Tuesday Throwback: GE’s Misguided “Sixteen Tons” Coal Commercial

This General Electric ad is from 2005, and it’s a mess. First, let’s ignore the political implications and the fact that “clean coal” is a very controversial topic. We’re just focusing on the commercial. It features sweaty, muscular, attractive young men and women shoveling coal while scantily clad. That’s one problem…while very nice to look at, it’s not quite representative of a real coal mine. And then there’s the music used. The song is “Sixteen Tons”, Tennessee Ernie Ford’s classic miner’s lament (originally written and recorded by Merle Travis).
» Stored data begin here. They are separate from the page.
lemma mixed_square_factor:
  fixes u v p q fu fv \<alpha> \<beta> :: real
  assumes u: "u\<^sup>2 = p * fu" and v: "v\<^sup>2 = q * fv"
    and "p \<ge> 0" "q \<ge> 0" "fu \<ge> 0" "fv \<ge> 0"
  shows "(\<alpha> * u * q + \<beta> * p * v)\<^sup>2 = p * q * (\<alpha>\<^sup>2 * fu * q + 2 * \<alpha> * \<beta> * u * v + \<beta>\<^sup>2 * p * fv)"
    and "\<alpha>\<^sup>2 * fu * q + 2 * \<alpha> * \<beta> * u * v + \<beta>\<^sup>2 * p * fv \<ge> 0"
proof -
  have "p * q * (\<alpha>\<^sup>2 * fu * q + 2 * \<alpha> * \<beta> * u * v + \<beta>\<^sup>2 * p * fv) =
      \<alpha>\<^sup>2 * (p * fu) * q\<^sup>2 + 2 * \<alpha> * \<beta> * p * q * u * v + \<beta>\<^sup>2 * p\<^sup>2 * (q * fv)"
    by (simp add: power2_eq_square algebra_simps)
  then show sq: "(\<alpha> * u * q + \<beta> * p * v)\<^sup>2 = p * q * (\<alpha>\<^sup>2 * fu * q + 2 * \<alpha> * \<beta> * u * v + \<beta>\<^sup>2 * p * fv)"
    unfolding u[symmetric] v[symmetric] by (simp add: power2_eq_square algebra_simps)
  show "\<alpha>\<^sup>2 * fu * q + 2 * \<alpha> * \<beta> * u * v + \<beta>\<^sup>2 * p * fv \<ge> 0"
  proof (cases "p = 0 \<or> q = 0")
    case True
    then show ?thesis
      using u v assms(3-6) by auto
  next
    case False
    then have "p * q > 0"
      using assms(3,4) by (simp add: less_le)
    then show ?thesis
      using sq by (metis zero_le_power2 zero_le_mult_iff not_le order_less_imp_le)
  qed
qed

lemma sums_mass_convolution_fisher_kernel:
  fixes P Q :: "nat \<Rightarrow> real"
  assumes P: "\<And>x. P x \<ge> 0" "P sums 1" "(\<lambda>x. real x * P x) sums a" "a > 0"
    and Q: "\<And>x. Q x \<ge> 0" "Q sums 1" "(\<lambda>x. real x * Q x) sums b" "b > 0"
    and "summable (fisher_density P a)" "summable (fisher_density Q b)"
  shows "(\<lambda>s. \<Sum>x\<le>s. \<alpha>\<^sup>2 * fisher_density P a x * Q (s - x)
      + 2 * \<alpha> * \<beta> * weighted_score P a x * weighted_score Q b (s - x)
      + \<beta>\<^sup>2 * P x * fisher_density Q b (s - x))
    sums (\<alpha>\<^sup>2 * (\<Sum>x. fisher_density P a x) + \<beta>\<^sup>2 * (\<Sum>x. fisher_density Q b x))"
proof -
  let ?wP = "weighted_score P a" and ?wQ = "weighted_score Q b"
  let ?fP = "fisher_density P a" and ?fQ = "fisher_density Q b"
  have "(\<lambda>s. \<Sum>x\<le>s. ?fP x * Q (s - x)) sums ((\<Sum>x. ?fP x) * (\<Sum>x. Q x))"
    using assms sums_summable[OF Q(2)] fisher_density_nonneg by (intro Cauchy_product_sums) auto
  then have fP: "(\<lambda>s. \<Sum>x\<le>s. ?fP x * Q (s - x)) sums (\<Sum>x. ?fP x)"
    using sums_unique[OF Q(2)] by simp
  have "(\<lambda>s. \<Sum>x\<le>s. ?wP x * ?wQ (s - x)) sums ((\<Sum>x. ?wP x) * (\<Sum>x. ?wQ x))"
    using weighted_score_sums_zero(2)[OF P(1,4,2,3)] weighted_score_sums_zero(2)[OF Q(1,4,2,3)]
    by (rule Cauchy_product_sums)
  then have w: "(\<lambda>s. \<Sum>x\<le>s. ?wP x * ?wQ (s - x)) sums 0"
    using sums_unique[OF weighted_score_sums_zero(1)[OF P(1,4,2,3)]] by simp
  have "(\<lambda>s. \<Sum>x\<le>s. P x * ?fQ (s - x)) sums ((\<Sum>x. P x) * (\<Sum>x. ?fQ x))"
    using assms sums_summable[OF P(2)] fisher_density_nonneg by (intro Cauchy_product_sums) auto
  then have fQ: "(\<lambda>s. \<Sum>x\<le>s. P x * ?fQ (s - x)) sums (\<Sum>x. ?fQ x)"
    using sums_unique[OF P(2)] by simp
  have "(\<lambda>s. \<alpha>\<^sup>2 * (\<Sum>x\<le>s. ?fP x * Q (s - x)) + 2 * \<alpha> * \<beta> * (\<Sum>x\<le>s. ?wP x * ?wQ (s - x))
      + \<beta>\<^sup>2 * (\<Sum>x\<le>s. P x * ?fQ (s - x)))
      sums (\<alpha>\<^sup>2 * (\<Sum>x. ?fP x) + 2 * \<alpha> * \<beta> * 0 + \<beta>\<^sup>2 * (\<Sum>x. ?fQ x))"
    by (intro sums_add sums_mult fP w fQ)
  then show ?thesis
    by (simp add: sum.distrib sum_distrib_left mult.assoc)
qed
The lyrics refer to the truck system, where coal miners were not paid in cash, but in scrip that was only accepted for goods at a “company store.”  Coal mine companies also typically owned the town’s houses in which miners lived. As a consequence, workers couldn’t save cash, and so it was nearly impossible to leave the towns. Thus, “I owe my soul to the company store.” Which makes this a very dubious musical pick for GE. It seems like whoever made the commercial scoured for minutes to come up with a mining song and picked “Sixteen Tons.” Of course, a song about being too indebted to make it to heaven doesn’t seem like a savvy choice (as Cracked notes). This spot was widely panned and for good reason. 19 likes vs. 96 dislikes on YouTube? Ouch.